[Collected data entries]

________________________________________

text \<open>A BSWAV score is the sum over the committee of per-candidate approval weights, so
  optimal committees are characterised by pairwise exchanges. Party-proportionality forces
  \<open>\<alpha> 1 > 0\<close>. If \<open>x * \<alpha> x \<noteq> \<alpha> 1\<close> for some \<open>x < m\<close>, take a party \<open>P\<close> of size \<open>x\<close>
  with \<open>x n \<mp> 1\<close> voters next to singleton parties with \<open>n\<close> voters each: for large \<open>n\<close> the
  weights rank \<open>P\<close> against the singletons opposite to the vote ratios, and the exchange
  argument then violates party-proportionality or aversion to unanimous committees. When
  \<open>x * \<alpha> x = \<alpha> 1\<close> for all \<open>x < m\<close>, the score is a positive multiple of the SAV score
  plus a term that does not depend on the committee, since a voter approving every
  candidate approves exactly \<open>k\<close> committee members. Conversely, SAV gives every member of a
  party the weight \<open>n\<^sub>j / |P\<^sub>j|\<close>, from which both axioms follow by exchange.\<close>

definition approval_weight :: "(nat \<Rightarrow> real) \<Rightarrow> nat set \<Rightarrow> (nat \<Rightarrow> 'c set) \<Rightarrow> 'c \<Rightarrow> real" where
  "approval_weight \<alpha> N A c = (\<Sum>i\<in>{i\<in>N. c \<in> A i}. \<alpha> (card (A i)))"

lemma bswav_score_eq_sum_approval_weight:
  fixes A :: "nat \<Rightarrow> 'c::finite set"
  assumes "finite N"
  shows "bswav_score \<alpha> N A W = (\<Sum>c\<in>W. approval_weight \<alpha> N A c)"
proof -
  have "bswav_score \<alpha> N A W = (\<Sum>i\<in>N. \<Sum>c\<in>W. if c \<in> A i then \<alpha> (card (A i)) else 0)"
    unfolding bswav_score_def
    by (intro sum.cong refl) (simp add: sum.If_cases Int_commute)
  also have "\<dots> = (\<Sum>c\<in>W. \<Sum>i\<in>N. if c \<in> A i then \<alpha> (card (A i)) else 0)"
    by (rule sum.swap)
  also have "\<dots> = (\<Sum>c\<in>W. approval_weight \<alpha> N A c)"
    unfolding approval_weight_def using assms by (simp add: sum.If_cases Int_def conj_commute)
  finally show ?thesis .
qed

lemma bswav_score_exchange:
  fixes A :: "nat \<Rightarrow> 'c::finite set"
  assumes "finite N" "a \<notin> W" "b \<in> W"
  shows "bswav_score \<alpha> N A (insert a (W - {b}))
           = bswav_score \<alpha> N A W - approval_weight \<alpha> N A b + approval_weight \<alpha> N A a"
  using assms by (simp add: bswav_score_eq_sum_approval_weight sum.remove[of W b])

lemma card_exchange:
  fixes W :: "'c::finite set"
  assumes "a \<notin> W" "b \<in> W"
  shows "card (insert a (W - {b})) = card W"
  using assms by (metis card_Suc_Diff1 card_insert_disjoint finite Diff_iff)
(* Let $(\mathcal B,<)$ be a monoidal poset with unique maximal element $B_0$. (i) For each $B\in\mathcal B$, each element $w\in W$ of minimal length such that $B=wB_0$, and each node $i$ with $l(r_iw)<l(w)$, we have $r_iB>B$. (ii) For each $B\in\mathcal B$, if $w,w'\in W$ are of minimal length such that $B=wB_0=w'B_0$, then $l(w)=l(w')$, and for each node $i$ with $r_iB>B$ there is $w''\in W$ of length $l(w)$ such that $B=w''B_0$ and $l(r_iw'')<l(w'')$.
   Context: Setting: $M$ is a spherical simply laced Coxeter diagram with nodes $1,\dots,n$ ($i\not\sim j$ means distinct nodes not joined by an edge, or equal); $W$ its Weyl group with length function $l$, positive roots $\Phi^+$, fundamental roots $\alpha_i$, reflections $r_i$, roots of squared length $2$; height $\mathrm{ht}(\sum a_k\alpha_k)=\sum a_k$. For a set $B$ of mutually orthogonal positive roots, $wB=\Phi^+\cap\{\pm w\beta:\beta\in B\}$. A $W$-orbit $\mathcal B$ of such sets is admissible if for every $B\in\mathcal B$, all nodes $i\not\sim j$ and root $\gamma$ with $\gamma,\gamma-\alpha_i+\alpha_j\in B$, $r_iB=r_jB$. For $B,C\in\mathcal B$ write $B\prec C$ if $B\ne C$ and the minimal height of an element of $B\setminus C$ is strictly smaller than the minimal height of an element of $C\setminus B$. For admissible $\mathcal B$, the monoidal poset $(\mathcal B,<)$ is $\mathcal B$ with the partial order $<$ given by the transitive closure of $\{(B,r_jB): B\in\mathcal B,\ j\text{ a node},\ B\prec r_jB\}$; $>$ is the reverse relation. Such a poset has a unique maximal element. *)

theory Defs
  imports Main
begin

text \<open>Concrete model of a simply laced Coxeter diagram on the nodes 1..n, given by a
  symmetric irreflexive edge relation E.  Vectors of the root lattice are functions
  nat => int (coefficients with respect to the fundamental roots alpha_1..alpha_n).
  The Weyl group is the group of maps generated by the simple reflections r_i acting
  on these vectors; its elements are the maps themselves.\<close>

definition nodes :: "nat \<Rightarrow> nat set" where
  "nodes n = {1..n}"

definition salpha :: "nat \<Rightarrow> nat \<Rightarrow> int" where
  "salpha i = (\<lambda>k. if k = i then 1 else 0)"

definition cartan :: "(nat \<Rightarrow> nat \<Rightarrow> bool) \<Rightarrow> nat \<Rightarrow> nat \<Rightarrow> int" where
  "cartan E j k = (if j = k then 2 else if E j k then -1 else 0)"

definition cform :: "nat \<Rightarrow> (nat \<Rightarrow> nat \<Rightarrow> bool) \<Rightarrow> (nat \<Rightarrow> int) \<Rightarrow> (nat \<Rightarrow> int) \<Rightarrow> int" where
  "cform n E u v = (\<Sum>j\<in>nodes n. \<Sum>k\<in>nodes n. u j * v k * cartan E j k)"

________________________________________

From the very first line of the records down to the line with "unfolding bswav_score_def", please write out each line exactly, including both ends and no other lines.

- [Answer space]
text \<open>A BSWAV score is the sum over the committee of per-candidate approval weights, so
  optimal committees are characterised by pairwise exchanges. Party-proportionality forces
  \<open>\<alpha> 1 > 0\<close>. If \<open>x * \<alpha> x \<noteq> \<alpha> 1\<close> for some \<open>x < m\<close>, take a party \<open>P\<close> of size \<open>x\<close>
  with \<open>x n \<mp> 1\<close> voters next to singleton parties with \<open>n\<close> voters each: for large \<open>n\<close> the
  weights rank \<open>P\<close> against the singletons opposite to the vote ratios, and the exchange
  argument then violates party-proportionality or aversion to unanimous committees. When
  \<open>x * \<alpha> x = \<alpha> 1\<close> for all \<open>x < m\<close>, the score is a positive multiple of the SAV score
  plus a term that does not depend on the committee, since a voter approving every
  candidate approves exactly \<open>k\<close> committee members. Conversely, SAV gives every member of a
  party the weight \<open>n\<^sub>j / |P\<^sub>j|\<close>, from which both axioms follow by exchange.\<close>

definition approval_weight :: "(nat \<Rightarrow> real) \<Rightarrow> nat set \<Rightarrow> (nat \<Rightarrow> 'c set) \<Rightarrow> 'c \<Rightarrow> real" where
  "approval_weight \<alpha> N A c = (\<Sum>i\<in>{i\<in>N. c \<in> A i}. \<alpha> (card (A i)))"

lemma bswav_score_eq_sum_approval_weight:
  fixes A :: "nat \<Rightarrow> 'c::finite set"
  assumes "finite N"
  shows "bswav_score \<alpha> N A W = (\<Sum>c\<in>W. approval_weight \<alpha> N A c)"
proof -
  have "bswav_score \<alpha> N A W = (\<Sum>i\<in>N. \<Sum>c\<in>W. if c \<in> A i then \<alpha> (card (A i)) else 0)"
    unfolding bswav_score_def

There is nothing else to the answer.